Ce n'était que pour des banalités, que les phrases se formaient. Mais étrangement, Jun fût assez fier de lâcher enfin une phrase, neutre, presque douce, même s'il avait mille chose à dire, et la première était : comment vont tes enfants ? Il avait été un des premier au courant, du moins c'est ce qu'il lui semblait et... Il ne les avait jamais vu... Trouvant ça triste, il se mordit la langue. Quel gachit, tout ce temps... Peut être que Lun avait raison à propos du passé même si celui ci était encore douloureux...
Mais c'était presque trop rapide, il allait tendre la main pour lui demander d'attendre mais n'en fit finalement rien et répondit simplement, à mi voix, avec ce demi sourire un peu perdu mais pourtant bien présent.

-  A demain. Lun.

Il le suit des yeux alors qu'il prend sa tasse à deux mains pour occuper ses mains qu'il a cru sentir trembler. Aucune onde ne vient troubler la surface de la tasse pourtant.

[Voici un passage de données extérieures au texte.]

(* Let $k>1$ be an integer with $k\equiv 1\pmod 4$, and let $\mathrm{SG}(n)$ denote the Sprague--Grundy value of a pile of $n$ tokens in the game $i\textsc{-Mark}(\{2\},\{k\})$. Let $b=2k$, $c_0=4k$, $c_m=k(c_{m-1}+2)$ for $m\ge1$, and $a_0=k$, $a_m=k(a_{m-1}+2)$ for $m\ge 1$ (so that $a_0<b<c_0<a_1<c_1<a_2<\cdots$). Let $X=[0,a_0-1]$, $Y=[a_0+1,b-1]$, $Z=[b+1,c_0-1]$, and for $m\ge 1$ let $A_m=[c_{m-1}+1,a_m-1]$ and $C_m=[a_m+1,c_m-1]$ (integer intervals). Then: (1) $\mathrm{SG}(b)=2$, and $\mathrm{SG}(a_m)=\mathrm{SG}(c_m)=2$ for all $m\ge 0$; (2) the sequence of SG values of the elements of $X$, in increasing order, is $(0,0,1,1)^{z},0$ with $z=(a_0-1)/4$; (3) the sequence of SG values of the elements of $Y$ is $(1,0,0,1)^{z'}$ with $z'=(b-a_0-1)/4$; (4) the sequence of SG values of the elements of $Z$ is $(0,0,1,1)^{z''},0$ with $z''=(c_0-b-2)/4$; (5) for every $m\ge 1$, the sequence of SG values of the elements of $A_m$ is $(1,0,0,1)^{y_m},1,0$ with $y_m=(a_m-c_{m-1}-3)/4$; (6) for every $m\ge 1$, the sequence of SG values of the elements of $C_m$ is $(1,0,0,1)^{y'_m},1,0$ with $y'_m=(c_m-a_m-3)/4$. Here $X^z$ denotes the $z$-fold concatenation of the finite sequence $X$.
   Context: For a nonempty set $S$ of positive integers and a nonempty set $D$ of integers larger than $1$, the impartial game $i\textsc{-Mark}(S,D)$ is played on a single pile of $n\ge 0$ tokens: a move either replaces $n$ by $n-s$ for some $s\in S$ with $s\le n$, or replaces $n$ by $n/d$ for some $d\in D$ dividing $n$ (with $n>0$). The Sprague--Grundy value is defined recursively by $\mathrm{SG}(n)=\mathrm{mex}\{\mathrm{SG}(w): w \text{ an option of } n\}$, where $\mathrm{mex}(T)$ is the smallest nonnegative integer not in $T$. *)

theory Defs
  imports Main
begin

definition mex :: "nat set \<Rightarrow> nat" where
  "mex T = (LEAST x. x \<notin> T)"

definition is_option :: "nat set \<Rightarrow> nat set \<Rightarrow> nat \<Rightarrow> nat \<Rightarrow> bool" where
  "is_option S D n w \<longleftrightarrow>
     (\<exists>s\<in>S. s \<le> n \<and> w = n - s) \<or> (\<exists>d\<in>D. n > 0 \<and> d dvd n \<and> w = n div d)"

text \<open>Sprague-Grundy value. For S of positive integers and D of integers > 1 every
  option is strictly smaller than n, so the guard w < n is vacuous there.\<close>
function SG :: "nat set \<Rightarrow> nat set \<Rightarrow> nat \<Rightarrow> nat" where
  "SG S D n = mex ((\<lambda>w. SG S D w) ` {w. w < n \<and> is_option S D n w})"
  by auto
termination by (relation "measure (\<lambda>(S,D,n). n)") auto

declare SG.simps[simp del]

fun aseq :: "nat \<Rightarrow> nat \<Rightarrow> nat" where
  "aseq k 0 = k"
| "aseq k (Suc m) = k * (aseq k m + 2)"

fun cseq :: "nat \<Rightarrow> nat \<Rightarrow> nat" where
  "cseq k 0 = 4 * k"
| "cseq k (Suc m) = k * (cseq k m + 2)"

definition sgs :: "nat \<Rightarrow> nat \<Rightarrow> nat \<Rightarrow> nat list" where
  "sgs k lo hi = map (SG {2} {k}) [lo..<Suc hi]"

end

theory Submission
  imports Defs
begin

text \<open>Away from multiples of k the only move is n \<mapsto> n - 2, so SG values follow the
  period-4 pattern 1,1,0,0 at some phase. A multiple n = k j keeps the pattern exactly when
  SG(j) differs from the pattern value at n, which, since k \<equiv> 1 (mod 4), is the pattern value
  at j. Writing t_0 < t_1 < \<dots> for the pivots a_0 < c_0 < a_1 < c_1 < \<dots>, one has
  t_{i+2} = k (t_i + 2), so the quotients of the multiples of k between t_{i+1} and t_{i+2} are
  the points of the stretch before t_i, whose phase differs by two, together with t_i and
  t_i + 1. Hence the pattern persists, its phase advances by one at every pivot, and at t_{i+2}
  the options have values 1 and 0, forcing 2.\<close>

definition pattern4 :: "nat \<Rightarrow> nat" where
  "pattern4 x = (if x mod 4 < 2 then 1 else 0)"

lemma pattern4_le_1: "pattern4 x \<le> 1"
  by (simp add: pattern4_def)

lemma pattern4_add_mult_4: "pattern4 (x + 4 * q) = pattern4 x"
  by (simp add: pattern4_def)

lemma pattern4_add_2: "pattern4 (x + 2) = 1 - pattern4 x"
  unfolding pattern4_def by (simp add: mod_add_left_eq[of x 4 2, symmetric]; presburger)

lemma map_upt_add_shift: "map f [a + d..<b + d] = map (\<lambda>x. f (x + d)) [a..<b]"
  by (rule nth_equalityI) (auto simp: add_ac)

lemma map_upt_periodic:
  assumes periodic: "\<And>x. f (x + d) = f x"
  shows "map f [s..<s + d * q + e] = concat (replicate q (map f [s..<s + d])) @ map f [s..<s + e]"
proof (induction q arbitrary: s)
  case 0
  then show ?case by simp
next
  case (Suc q)
  have shift: "map f [s + d..<s + d + l] = map f [s..<s + l]" for l
    using map_upt_add_shift[of f s d "s + l"] by (simp add: add_ac periodic)
  have "[s..<s + d * Suc q + e] = [s..<s + d] @ [s + d..<s + d + d * q + e]"
    using upt_add_eq_append[of s "s + d" "d * q + e"] by (simp add: add_ac)
  then show ?case
    using Suc.IH[of "s + d"] by (simp add: shift)
qed

lemma mex_eqI: "m \<notin> T \<Longrightarrow> (\<And>i. i < m \<Longrightarrow> i \<in> T) \<Longrightarrow> mex T = m"
  unfolding mex_def by (rule Least_equality) (auto simp: not_le[symmetric])

lemma mex_empty: "mex {} = 0"
  by (rule mex_eqI) auto

lemma mex_singleton: "mex {x} = (if x = 0 then 1 else 0)"
  by (rule mex_eqI) (auto split: if_splits)

lemma mex_pair_flip: "x \<le> 1 \<Longrightarrow> y \<noteq> 1 - x \<Longrightarrow> mex {x, y} = 1 - x"
  by (rule mex_eqI) (auto simp: le_Suc_eq)

lemma mex_1_0: "mex {1, 0} = 2"
  by (rule mex_eqI) auto

fun pivot :: "nat \<Rightarrow> nat \<Rightarrow> nat" where
  "pivot k 0 = k"
| "pivot k (Suc 0) = 4 * k"
| "pivot k (Suc (Suc i)) = k * (pivot k i + 2)"

lemma pivot_even: "pivot k (2 * m) = aseq k m"
  by (induction m) auto

lemma pivot_odd: "pivot k (Suc (2 * m)) = cseq k m"
  by (induction m) auto

fun segment :: "nat \<Rightarrow> nat \<Rightarrow> nat set" where
  "segment k 0 = {..<pivot k 0}"
| "segment k (Suc i) = {pivot k i<..<pivot k (Suc i)}"

locale imark_2_k =
  fixes k :: nat
  assumes k_gt_1: "1 < k"
begin

abbreviation sg :: "nat \<Rightarrow> nat" where
  "sg \<equiv> SG {2} {k}"

lemma sg_eq: "sg n = mex ((if 2 \<le> n then {sg (n - 2)} else {})
    \<union> (if 0 < n \<and> k dvd n then {sg (n div k)} else {}))"
proof -
  have "{w. w < n \<and> is_option {2} {k} n w} =
      (if 2 \<le> n then {n - 2} else {}) \<union> (if 0 < n \<and> k dvd n then {n div k} else {})"
    using k_gt_1 by (auto simp: is_option_def split: if_splits)
  then show ?thesis
    by (subst SG.simps) (simp add: image_Un)
qed

lemma sg_0: "sg 0 = 0"
  by (simp add: sg_eq mex_empty)

lemma sg_1: "sg 1 = 0"
proof -
  have "\<not> k dvd 1"
    using k_gt_1 by simp
  then show ?thesis
    using sg_eq[of 1] by (simp add: mex_empty)
qed

lemma sg_not_dvd: "2 \<le> n \<Longrightarrow> \<not> k dvd n \<Longrightarrow> sg n = mex {sg (n - 2)}"
  by (simp add: sg_eq[of n])

lemma sg_dvd: "2 \<le> n \<Longrightarrow> k dvd n \<Longrightarrow> sg n = mex {sg (n - 2), sg (n div k)}"
  by (simp add: sg_eq[of n] insert_commute)

lemma sg_eq_pattern4_on_interval:
  assumes base: "sg lo = pattern4 (lo + r)" "sg (lo + 1) = pattern4 (lo + 1 + r)"
    and hits: "\<And>n. lo + 2 \<le> n \<Longrightarrow> n \<le> hi \<Longrightarrow> k dvd n \<Longrightarrow> sg (n div k) \<noteq> pattern4 (n + r)"
  shows "lo \<le> n \<Longrightarrow> n \<le> hi \<Longrightarrow> sg n = pattern4 (n + r)"
proof (induction n rule: less_induct)
  case (less n)
  consider "n = lo" | "n = lo + 1" | "lo + 2 \<le> n"
    using less.prems by linarith
  then show ?case
  proof cases
    case 3
    have "sg (n - 2) = pattern4 (n - 2 + r)"
      using less 3 by simp
    moreover have "n + r = n - 2 + r + 2"
      using 3 by simp
    then have "pattern4 (n + r) = 1 - pattern4 (n - 2 + r)"
      by (metis pattern4_add_2)
    ultimately have prev: "sg (n - 2) = 1 - pattern4 (n + r)"
      using pattern4_le_1[of "n - 2 + r"] by linarith
    show ?thesis
    proof (cases "k dvd n")
      case True
      then have "sg n = mex {sg (n - 2), sg (n div k)}"
        using 3 by (simp add: sg_dvd)
      then show ?thesis
        using prev hits[OF 3 less.prems(2) True] pattern4_le_1[of "n + r"]
        by (simp add: mex_pair_flip)
    next
      case False
      then show ?thesis
        using 3 prev pattern4_le_1[of "n + r"] by (auto simp: sg_not_dvd mex_singleton)
    qed
  qed (use base in simp_all)
qed

end

locale imark_2_k_mod4 = imark_2_k +
  assumes k_mod_4: "k mod 4 = 1"
begin

lemma k_ge_5: "5 \<le> k"
  using k_gt_1 k_mod_4 by presburger

lemma mod_4_mult_k: "(k * x) mod 4 = x mod 4"
  using mod_mult_eq[of k 4 x] k_mod_4 by simp

lemma pattern4_div_k: "k dvd n \<Longrightarrow> pattern4 (n div k + r) = pattern4 (n + r)"
proof -
  assume "k dvd n"
  then have "(n div k) mod 4 = n mod 4"
    using mod_4_mult_k[of "n div k"] by simp
  then have "(n div k + r) mod 4 = (n + r) mod 4"
    by (metis mod_add_left_eq)
  then show ?thesis
    by (simp add: pattern4_def)
qed

lemma sg_eq_pattern4_on_interval_mod4:
  assumes "sg lo = pattern4 (lo + r)" "sg (lo + 1) = pattern4 (lo + 1 + r)"
    and hits: "\<And>j. lo + 2 \<le> k * j \<Longrightarrow> k * j \<le> hi \<Longrightarrow> sg j \<noteq> pattern4 (j + r)"
    and "lo \<le> n" "n \<le> hi"
  shows "sg n = pattern4 (n + r)"
proof (rule sg_eq_pattern4_on_interval[OF assms(1,2) _ assms(4,5)])
  fix n assume "lo + 2 \<le> n" "n \<le> hi" "k dvd n"
  then show "sg (n div k) \<noteq> pattern4 (n + r)"
    using hits[of "n div k"] pattern4_div_k by auto
qed

lemma sg_after_mult:
  assumes "k dvd t" "0 < t"
  shows "sg (t + 1) = mex {sg (t - 1)}" and "sg t = 2 \<Longrightarrow> sg (t + 2) = 0"
proof -
  have "\<not> k dvd 1" "\<not> k dvd 2"
    using k_ge_5 by (auto dest: dvd_imp_le)
  then have "\<not> k dvd t + 1" "\<not> k dvd t + 2"
    using assms(1) dvd_add_right_iff by blast+
  then show "sg (t + 1) = mex {sg (t - 1)}" and "sg t = 2 \<Longrightarrow> sg (t + 2) = 0"
    using assms(2) by (auto simp: sg_not_dvd mex_singleton)
qed

lemma k_dvd_pivot: "k dvd pivot k i"
  by (induction i rule: induct_nat_012) auto

lemma pivot_mod_4: "(pivot k i + i) mod 4 = 1"
proof (induction i rule: induct_nat_012)
  case (ge2 i)
  have "(k * (pivot k i + 2)) mod 4 = (pivot k i + 2) mod 4"
    by (rule mod_4_mult_k)
  then have "(k * (pivot k i + 2) + (i + 2)) mod 4 = (pivot k i + 2 + (i + 2)) mod 4"
    by (rule mod_add_cong) simp
  also have "\<dots> = (pivot k i + i) mod 4"
    by presburger
  finally show ?case
    using ge2.IH(1) by simp
qed (use k_mod_4 in simp_all)

lemma pivot_gap: "pivot k i + 3 \<le> pivot k (Suc i)"
proof (induction i rule: induct_nat_012)
  case 1
  have "5 * k \<le> k * k"
    using k_ge_5 by (rule mult_le_mono1)
  then have "4 * k + 3 \<le> k * k + 2 * k"
    using k_ge_5 by linarith
  then show ?case
    by (simp add: algebra_simps)
next
  case (ge2 i)
  have "k * (pivot k i + 2) + 3 \<le> k * (pivot k i + 5)"
    using k_ge_5 by (simp add: algebra_simps)
  also have "\<dots> \<le> k * (pivot k (Suc i) + 2)"
    using ge2.IH(1) by (intro mult_le_mono2) simp
  finally show ?case by simp
qed (use k_gt_1 in simp)

lemma pivot_Suc_ge: "4 * k \<le> pivot k (Suc i)"
proof (induction i)
  case (Suc i)
  then show ?case
    using pivot_gap[of "Suc i"] by linarith
qed simp

lemma double_far_from_pivot: "2 * k + 2 \<le> pivot k i \<or> pivot k i + 3 \<le> 2 * k"
proof (cases i)
  case (Suc i')
  then show ?thesis
    using pivot_Suc_ge[of i'] k_ge_5 by (simp only:) linarith
qed (use k_ge_5 in simp)

lemma mem_segment_of_mult:
  assumes "pivot k (Suc i) < k * j" "j < pivot k i"
  shows "j \<in> segment k i"
proof (cases i)
  case (Suc i')
  then have "k * (pivot k i' + 2) < k * j"
    using assms(1) by simp
  then have "pivot k i' + 2 < j"
    by (rule mult_left_less_imp_less) simp
  then show ?thesis
    using Suc assms(2) by simp
qed (use assms in simp)

lemma sg_below_k: "n < k \<Longrightarrow> sg n = pattern4 (n + 2)"
proof (rule sg_eq_pattern4_on_interval_mod4[of 0 2 "k - 1"])
  show "sg 0 = pattern4 (0 + 2)" "sg (0 + 1) = pattern4 (0 + 1 + 2)"
    using sg_0 sg_1 by (simp_all add: pattern4_def)
  fix j assume "0 + 2 \<le> k * j" "k * j \<le> k - 1"
  then show "sg j \<noteq> pattern4 (j + 2)"
    by (cases j) auto
qed simp_all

Demain il serait là. Sur la terrasse de cette pâtisserie, peut être un peu en retard si sa fierté lui dicte de ne pas se précipiter sur le lieu de rendez vous fixé par Lun ou au cas où ce dernier ne viendrait finalement pas, ou peut être en avance parce qu'il aura eu un peu peur que Lun ne l'attende pas... Il ne savait pas sur quel pied danser même avec ses propres idées. C'était stupide, Lun l'avait rejoint sur une plage, il l'attendrait … Oui mais peut être pas.
En tout cas, malgré le nœud au ventre, il sera là.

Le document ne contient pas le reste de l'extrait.